On April 27, 2015, the ALJ held the plaintiff’s administrative hearing. After the
plaintiff testified, the ALJ took the testimony of the VE, Ms. Donna Bardsley. After she
identified the plaintiff’s past relevant work, she was asked to assume a person with the
plaintiff’s vocational characteristics who could do light work with occasional posturals;
no ropes, ladders, scaffolds; avoid concentrated exposure to hazards and fumes and other
irritants. When asked if there would be jobs, the VE stated that this person could perform
the plaintiff’s past relevant work. She also identified various other jobs in the state and
national economies which such a person could perform (Tr. 77-78). There is no dispute
that these would constitute a significant number of jobs under the applicable regulations.
On June 4, 2015, the ALJ issued his decision on the plaintiff’s claim. He made the
He found that the plaintiff was not working, and had not worked since
October 22, 2013, her alleged onset date (Tr. 50).

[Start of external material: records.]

text \<open>A word separating \<open>F C f\<close> from \<open>min_over Y f\<close> turns their difference into one between
  \<open>0\<close> and \<open>1\<close>, which the hypothesis on the functions sent to \<open>1\<close> rules out.\<close>

lemma homogeneous_eq_min_over:
  assumes n: "n \<ge> 1" and hom: "homogeneous n F" and eff: "eff_fun n F"
    and filter: "\<And>h. lval n h \<Longrightarrow> F C h = 1 \<longleftrightarrow> (\<forall>s\<in>Y. h s = 1)"
    and f: "lval n f"
  shows "F C f = min_over Y f"
proof (rule ccontr)
  define e where "e = F C f"
  define m where "m = min_over Y f"
  have "0 \<le> e" "0 \<le> m" "e \<le> 1" "m \<le> 1"
    using eff f min_over_Ln[OF n f, of Y] Ln_bounds unfolding eff_fun_def e_def m_def by blast+
  have lval_word: "lval n (\<lambda>s. apply_word w (f s))" for w
    using f apply_word_Ln[OF n] unfolding lval_def by blast
  have word_commutes: "F C (\<lambda>s. apply_word w (f s)) = apply_word w e" for w
    using homogeneous_apply_word[OF hom n f] unfolding e_def by blast
  assume "F C f \<noteq> min_over Y f"
  then consider "e < m" | "m < e" unfolding e_def m_def by linarith
  then show False
  proof cases
    case 1
    then obtain w where w: "apply_word w e = 0" "apply_word w m = 1"
      using apply_word_separates \<open>0 \<le> e\<close> \<open>m \<le> 1\<close> by blast
    have "apply_word w (f s) = 1" if "s \<in> Y" for s
    proof -
      have "apply_word w (f s) \<le> 1" using lval_word[of w] Ln_bounds unfolding lval_def by blast
      moreover have "apply_word w m \<le> apply_word w (f s)"
        using apply_word_mono[OF min_over_le[OF f that]] unfolding m_def .
      ultimately show ?thesis using w(2) by linarith
    qed
    then have "apply_word w e = 1" using filter[OF lval_word] word_commutes by simp
    then show False using w(1) by simp
  next
    case 2
    then obtain w where w: "apply_word w m = 0" "apply_word w e = 1"
      using apply_word_separates \<open>0 \<le> m\<close> \<open>e \<le> 1\<close> by blast
    have "Y \<noteq> {}" using 2 \<open>e \<le> 1\<close> unfolding m_def min_over_def by auto
    then obtain s where "s \<in> Y" "m = f s" using min_over_attained[OF f] unfolding m_def by blast
    then show False using filter[OF lval_word] word_commutes w by simp
  qed
qed

lemma min_over_co_indicator: "min_over Y (\<lambda>w. 1 - indicator {v} w) = (if v \<in> Y then 0 else 1)"
proof (cases "v \<in> Y")
  case True
  have "(\<lambda>w. 1 - indicator {v} w) ` Y \<subseteq> {0, 1 :: real}" by (auto simp: indicator_def)
  then have "Min ((\<lambda>w. 1 - indicator {v} w) ` Y) = (0 :: real)"
    using True by (intro Min_eqI) (auto simp: finite_subset indicator_def)
  then show ?thesis using True by (auto simp: min_over_def)
next
  case False
  then have "(\<lambda>w. 1 - indicator {v} w) ` Y = (if Y = {} then {} else {1 :: real})"
    by (auto simp: indicator_def intro: rev_image_eqI)
  then show ?thesis using False by (simp add: min_over_def)
qed
(* Let $(X,d)$ be a complete metric space and $\ell:X\to[0,+\infty]$ a lower semicontinuous function with $\inf_X\ell=0$ satisfying hypothesis $(H_0)$. Then there exists a unique proper lower semicontinuous function $u:X\to[0,+\infty]$ with $\inf_Xu=0$ and $G[u](x)=\ell(x)$ for all $x\in X$.
   Context: Global slope: $G[u](x)=\sup_{y\neq x}\frac{(u(x)-u(y))_+}{d(x,y)}$ if $u(x)<+\infty$ and $G[u](x)=+\infty$ otherwise. Hypothesis $(H_0)$: there is a sequence $\{\bar x_n\}_n\subset X$ with $\sum_{n=0}^\infty\ell(\bar x_n)d(\bar x_n,\bar x_{n+1})<+\infty$ and $\lim_{n\to\infty}\ell(\bar x_n)=0$. Proper means not identically $+\infty$. *)

theory Defs
  imports "HOL-Analysis.Analysis"
begin

definition lsc :: "('a::topological_space \<Rightarrow> ennreal) \<Rightarrow> bool" where
  "lsc f \<longleftrightarrow> (\<forall>t. closed {x. f x \<le> t})"

text \<open>Global slope. For ennreal, truncated subtraction gives the positive part
  (and u x - \<infinity> = 0 when u x is finite).\<close>
definition global_slope :: "('a::metric_space \<Rightarrow> ennreal) \<Rightarrow> 'a \<Rightarrow> ennreal" where
  "global_slope u x =
     (if u x < \<infinity> then (SUP y\<in>{y. y \<noteq> x}. (u x - u y) / ennreal (dist x y)) else \<infinity>)"

definition H0 :: "('a::metric_space \<Rightarrow> ennreal) \<Rightarrow> bool" where
  "H0 l \<longleftrightarrow> (\<exists>xb::nat \<Rightarrow> 'a.
      (\<Sum>n. l (xb n) * ennreal (dist (xb n) (xb (Suc n)))) < \<infinity> \<and>
      (\<lambda>n. l (xb n)) \<longlonglongrightarrow> 0)"

definition proper :: "('a \<Rightarrow> ennreal) \<Rightarrow> bool" where
  "proper u \<longleftrightarrow> (\<exists>x. u x \<noteq> \<infinity>)"

end

theory Submission
  imports Defs
begin

text \<open>
  Uniqueness is a comparison principle: if \<open>f\<close> and \<open>g\<close> are lower semicontinuous,
  \<open>inf f = 0\<close> and the global slope of \<open>f\<close> is dominated by that of \<open>g\<close>, then \<open>f \<le> g\<close>.
  Starting from \<open>x\<close>, Ekeland's variational principle with parameters
  \<open>lam k = lam0 / (1 + eps) ^ k\<close> produces a chain along which \<open>g\<close> drops by at least
  \<open>lam k\<close> times the step length and the slopes of \<open>g\<close>, hence of \<open>f\<close>, are at most \<open>lam k\<close>.
  Telescoping the slope inequality of \<open>f\<close> along the chain bounds \<open>f\<close> at its first point by
  \<open>(1 + eps) * g x\<close> plus the values of \<open>f\<close> far out on the chain, and these tend to \<open>0\<close>.
  Letting \<open>lam0 \<longrightarrow> \<infinity>\<close> and using lower semicontinuity of \<open>f\<close> at \<open>x\<close> gives \<open>f x \<le> g x\<close>.

  For existence, let \<open>T x\<close> be the infimal cost \<open>\<Sum>n. l (x n) * dist (x n) (x (Suc n))\<close> of
  paths starting at \<open>x\<close> along which \<open>l\<close> tends to \<open>0\<close>, and let \<open>u\<close> be the lower
  semicontinuous envelope of \<open>T\<close>. Hypothesis (H0) makes \<open>u\<close> finite wherever \<open>l\<close> is and
  gives \<open>inf u = 0\<close>. The one-step inequality \<open>T x \<le> l x * dist x y + T y\<close> yields
  \<open>G[u] \<le> l\<close>; conversely, following an almost optimal path from near \<open>x\<close> until \<open>l\<close> first
  drops below a level \<open>c < l x\<close> shows \<open>G[u] x \<ge> c\<close>.
\<close>

lemma ennreal_minus_divide:
  assumes "0 \<le> a" "0 \<le> b" "0 < d"
  shows "(ennreal a - ennreal b) / ennreal d = ennreal (max 0 (a - b) / d)"
  using assms by (simp add: ennreal_minus max_def ennreal_neg divide_ennreal)

lemma ennreal_le_add_iff:
  "0 \<le> a \<Longrightarrow> 0 \<le> b \<Longrightarrow> ennreal d \<le> ennreal a + ennreal b \<longleftrightarrow> d \<le> a + b"
  by (simp flip: ennreal_plus)

lemma ennreal_add_less_iff:
  "0 \<le> a \<Longrightarrow> 0 \<le> b \<Longrightarrow> ennreal a + ennreal b < ennreal c \<longleftrightarrow> a + b < c"
  by (simp add: ennreal_less_iff flip: ennreal_plus)

lemma global_slope_top: "u x = \<infinity> \<Longrightarrow> global_slope u x = \<infinity>"
  by (simp add: global_slope_def)

lemma global_slope_ge:
  assumes "u x = ennreal a" "u y = ennreal b" "0 \<le> a" "0 \<le> b" "y \<noteq> x" "0 \<le> c"
    and "c * dist x y \<le> a - b"
  shows "ennreal c \<le> global_slope u x"
proof -
  have d: "0 < dist x y" using \<open>y \<noteq> x\<close> by simp
  have "c \<le> max 0 (a - b) / dist x y" using assms(7) d by (simp add: field_simps)
  then have "ennreal c \<le> (u x - u y) / ennreal (dist x y)"
    using assms(1-4) d by (simp add: ennreal_minus_divide ennreal_leI)
  also have "\<dots> \<le> global_slope u x"
    unfolding global_slope_def using assms(1,5) by (auto intro!: SUP_upper)
  finally show ?thesis .
qed

lemma global_slope_le_iff:
  assumes "u x \<noteq> \<infinity>" "0 \<le> c"
  shows "global_slope u x \<le> ennreal c \<longleftrightarrow> (\<forall>y. u x \<le> u y + ennreal (c * dist x y))"
proof -
  obtain a where a: "u x = ennreal a" "0 \<le> a" using assms(1) by (cases "u x") auto
  have "(u x - u y) / ennreal (dist x y) \<le> ennreal c \<longleftrightarrow> u x \<le> u y + ennreal (c * dist x y)"
    if "y \<noteq> x" for y
  proof (cases "u y")
    case (real b)
    have d: "0 < dist x y" using that by simp
    have "(u x - u y) / ennreal (dist x y) \<le> ennreal c \<longleftrightarrow> max 0 (a - b) / dist x y \<le> c"
      using a real d assms(2) by (simp add: ennreal_minus_divide)
    also have "\<dots> \<longleftrightarrow> a \<le> b + c * dist x y"
      using d assms(2) by (auto simp: field_simps)
    also have "\<dots> \<longleftrightarrow> u x \<le> u y + ennreal (c * dist x y)"
      using a real d assms(2) by (simp add: ennreal_plus[symmetric] del: ennreal_plus)
    finally show ?thesis .
  qed (use a in simp)
  then show ?thesis
    unfolding global_slope_def using assms(1)
    by (auto simp: less_top SUP_le_iff) (metis add_increasing2 order_refl zero_le)
qed

section \<open>Ekeland's variational principle\<close>

lemma lsc_add_continuous:
  fixes g :: "'a::metric_space \<Rightarrow> ennreal"
  assumes "lsc g" "continuous_on UNIV h" "\<And>x. 0 \<le> h x"
  shows "lsc (\<lambda>x. g x + ennreal (h x))"
  unfolding lsc_def closed_sequential_limits
proof (intro allI impI, elim conjE)
  fix t xs x
  assume le_t: "\<forall>n. xs n \<in> {x. g x + ennreal (h x) \<le> t}" and lim: "xs \<longlonglongrightarrow> x"
  have h_lim: "(\<lambda>n. h (xs n)) \<longlonglongrightarrow> h x"
    using continuous_on_tendsto_compose[OF assms(2) lim] by simp
  show "x \<in> {x. g x + ennreal (h x) \<le> t}"
  proof (simp, rule ennreal_le_epsilon)
    fix e :: real assume "t < top" "0 < e"
    have "(\<lambda>n. h (xs n) + e) \<longlonglongrightarrow> h x + e"
      using h_lim by (intro tendsto_add tendsto_const)
    then have ev: "\<forall>\<^sub>F n in sequentially. h x < h (xs n) + e"
      using \<open>0 < e\<close> by (intro order_tendstoD(1)) auto
    have le_te: "g (xs n) + ennreal (h x) \<le> t + ennreal e" if "h x < h (xs n) + e" for n
    proof -
      have "ennreal (h x) \<le> ennreal (h (xs n)) + ennreal e"
        using that assms(3) \<open>0 < e\<close> by (simp flip: ennreal_plus)
      then have "g (xs n) + ennreal (h x) \<le> g (xs n) + ennreal (h (xs n)) + ennreal e"
        by (simp add: add.assoc add_left_mono)
      also have "\<dots> \<le> t + ennreal e" using le_t by (simp add: add_right_mono)
      finally show ?thesis .
    qed
    obtain n where "h x < h (xs n) + e" using ev by (auto simp: eventually_sequentially)
    then have h_le: "ennreal (h x) \<le> t + ennreal e"
      using le_te[of n] by (meson add_increasing order.trans order_refl zero_le)
    have "\<forall>\<^sub>F n in sequentially. xs n \<in> {w. g w \<le> t + ennreal e - ennreal (h x)}"
      using ev by eventually_elim (simp add: ennreal_le_minus_iff le_te)
    then have "g x \<le> t + ennreal e - ennreal (h x)"
      using Lim_in_closed_set[OF _ _ sequentially_bot lim] assms(1) unfolding lsc_def by blast
    then show "g x + ennreal (h x) \<le> t + ennreal e"
      using h_le by (auto simp: ennreal_le_minus_iff)
  qed
qed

He found that she has severe physical impairments of fibromyalgia;
degeneration of the cervical, thoracic, and lumbar spine; osteoporosis of the lumbar
spine; status-post lumbar surgery; myalgias; and asthma. With respect to the plaintiff’s
claimed mental impairments, he noted that she was prescribed medication for this by her
primary care doctors, and that she was described by their records “as oriented with intact
insight and judgment.” (Tr. 50). He then discussed the findings of the consultative
examiner, Dr. Chad R. Sims, the clinical psychologist whose findings are set forth
hereinabove. Based upon Dr. Sims finding no more than mild difficulties with memory
and concentration, the ALJ found that plaintiff’s “medically determinable mental
impairments of Anxiety Disorder NOS, Depressive Disorder NOS, and Remote History
of Cocaine Abuse/Dependence, considered singly and in combination, do not cause more
than minimal limitation in the claimant’s ability to perform basic mental work activities
and are therefore nonsevere.” (Tr. 51).
The ALJ then described the four functional areas set out in the mental health
listing of impairments found at 20 CFR, Part 404, Subpart P, Appendix 1, the “paragraph
B criteria.” (Tr. 51). In the first area, activities of daily living, he found she had a mild
limitation. In that regard he noted she had told Dr. Sims she neglected self-care, had
limited engagement in chores, and loss of interest in activities aside from spending time
with her dogs. She reported crying spells on a weekly basis. On bad days she did
nothing but sedentary activities, and on good days did mostly cooking, cleaning and
talking to her friend on the phone (Tr. 51). In the second area of functioning, social
functioning, he found a mild limitation. He pointed to coherent responses, appropriate
behavior at medical appointments, and no history of personal problems with co-workers
or supervisors (Tr. 51).
With respect to the third area involving concentration,
persistence or pace, he also found a mild limitation, based upon Dr. Sims’ finding to that
effect during his exam (Tr. 51). Finally, in the fourth area, he found no episodes of
decompensation had occurred (Tr. 52).
Therefore, relying upon 20 CFR
§404.1521a(d)(1), he found that none of her mental impairments were severe. That
regulation provides that if a claimant’s degree of limitation is no more than mild in any of
first three areas of function described above, “we will generally conclude that your
impairment(s) is not severe, unless the evidence otherwise indicates that there is more
than a minimal limitation in your ability to do basic work activities….” Id.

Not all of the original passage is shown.